=== Assigned task ===
Given the material below, return only the lines starting at the line with "by (simp add: linear_scale[OF" and ending at the line with "section \<open>Taylor series", exactly as they appear.

_ _ _ _ _ _ _

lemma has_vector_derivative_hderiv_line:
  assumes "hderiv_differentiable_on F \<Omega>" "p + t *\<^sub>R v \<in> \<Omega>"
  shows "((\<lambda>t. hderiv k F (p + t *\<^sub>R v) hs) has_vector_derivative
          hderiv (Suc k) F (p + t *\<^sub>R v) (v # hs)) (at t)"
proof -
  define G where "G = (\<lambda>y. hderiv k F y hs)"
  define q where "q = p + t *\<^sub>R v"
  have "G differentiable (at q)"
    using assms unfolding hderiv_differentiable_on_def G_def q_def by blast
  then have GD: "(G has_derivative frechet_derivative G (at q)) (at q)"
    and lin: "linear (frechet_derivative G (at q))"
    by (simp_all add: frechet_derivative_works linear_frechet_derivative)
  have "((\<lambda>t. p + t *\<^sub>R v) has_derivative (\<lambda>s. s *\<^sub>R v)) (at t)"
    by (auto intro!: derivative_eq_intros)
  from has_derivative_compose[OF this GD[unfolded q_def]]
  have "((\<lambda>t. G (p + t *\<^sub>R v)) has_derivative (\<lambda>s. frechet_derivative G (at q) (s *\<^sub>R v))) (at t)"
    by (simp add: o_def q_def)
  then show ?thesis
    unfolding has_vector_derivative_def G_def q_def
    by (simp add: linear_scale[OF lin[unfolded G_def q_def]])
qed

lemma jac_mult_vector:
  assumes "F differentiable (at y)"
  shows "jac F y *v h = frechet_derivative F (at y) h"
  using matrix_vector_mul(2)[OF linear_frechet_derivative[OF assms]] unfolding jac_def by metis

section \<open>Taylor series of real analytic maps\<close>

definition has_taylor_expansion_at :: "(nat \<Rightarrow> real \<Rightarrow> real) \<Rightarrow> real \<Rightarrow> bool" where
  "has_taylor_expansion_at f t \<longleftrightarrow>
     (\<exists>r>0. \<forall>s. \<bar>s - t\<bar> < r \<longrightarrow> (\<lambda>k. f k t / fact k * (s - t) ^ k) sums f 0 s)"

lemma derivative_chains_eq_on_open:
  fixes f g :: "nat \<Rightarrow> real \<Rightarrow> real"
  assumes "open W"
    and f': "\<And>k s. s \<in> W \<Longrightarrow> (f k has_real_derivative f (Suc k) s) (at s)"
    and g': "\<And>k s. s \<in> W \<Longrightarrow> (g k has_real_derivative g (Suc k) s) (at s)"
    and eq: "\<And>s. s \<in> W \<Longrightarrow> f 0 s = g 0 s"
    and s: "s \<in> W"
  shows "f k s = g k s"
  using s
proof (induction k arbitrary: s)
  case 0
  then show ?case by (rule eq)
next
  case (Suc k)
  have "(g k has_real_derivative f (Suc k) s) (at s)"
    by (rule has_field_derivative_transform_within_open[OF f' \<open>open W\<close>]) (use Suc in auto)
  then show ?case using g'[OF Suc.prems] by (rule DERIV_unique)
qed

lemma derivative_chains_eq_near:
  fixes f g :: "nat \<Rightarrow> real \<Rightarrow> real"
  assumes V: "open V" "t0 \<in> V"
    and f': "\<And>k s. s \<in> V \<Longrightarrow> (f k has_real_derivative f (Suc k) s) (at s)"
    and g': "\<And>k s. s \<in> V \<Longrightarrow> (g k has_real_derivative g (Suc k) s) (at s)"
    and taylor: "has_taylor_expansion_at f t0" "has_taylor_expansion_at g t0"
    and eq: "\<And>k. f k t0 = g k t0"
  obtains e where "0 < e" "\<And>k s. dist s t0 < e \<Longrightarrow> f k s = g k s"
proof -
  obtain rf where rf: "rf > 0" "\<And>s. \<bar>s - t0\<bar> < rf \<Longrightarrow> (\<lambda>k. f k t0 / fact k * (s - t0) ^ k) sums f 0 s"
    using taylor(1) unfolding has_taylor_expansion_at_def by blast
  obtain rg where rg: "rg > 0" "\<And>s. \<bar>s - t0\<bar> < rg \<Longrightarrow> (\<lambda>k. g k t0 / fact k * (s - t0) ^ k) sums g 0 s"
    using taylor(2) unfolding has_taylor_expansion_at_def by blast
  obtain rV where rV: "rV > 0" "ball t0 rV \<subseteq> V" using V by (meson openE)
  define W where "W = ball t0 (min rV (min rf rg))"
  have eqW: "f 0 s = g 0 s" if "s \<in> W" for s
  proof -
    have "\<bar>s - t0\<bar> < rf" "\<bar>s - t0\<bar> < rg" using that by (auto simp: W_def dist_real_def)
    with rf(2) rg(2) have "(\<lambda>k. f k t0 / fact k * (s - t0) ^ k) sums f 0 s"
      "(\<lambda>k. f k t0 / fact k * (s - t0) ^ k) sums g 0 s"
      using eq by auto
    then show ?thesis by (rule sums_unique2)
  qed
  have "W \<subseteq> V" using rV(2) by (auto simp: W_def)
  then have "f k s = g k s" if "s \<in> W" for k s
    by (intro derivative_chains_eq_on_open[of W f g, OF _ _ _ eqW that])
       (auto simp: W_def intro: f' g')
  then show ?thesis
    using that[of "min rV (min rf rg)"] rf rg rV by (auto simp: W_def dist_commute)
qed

_ _ _ _ _ _ _

=== Output for this exercise ===
    by (simp add: linear_scale[OF lin[unfolded G_def q_def]])
qed

lemma jac_mult_vector:
  assumes "F differentiable (at y)"
  shows "jac F y *v h = frechet_derivative F (at y) h"
  using matrix_vector_mul(2)[OF linear_frechet_derivative[OF assms]] unfolding jac_def by metis

section \<open>Taylor series of real analytic maps\<close>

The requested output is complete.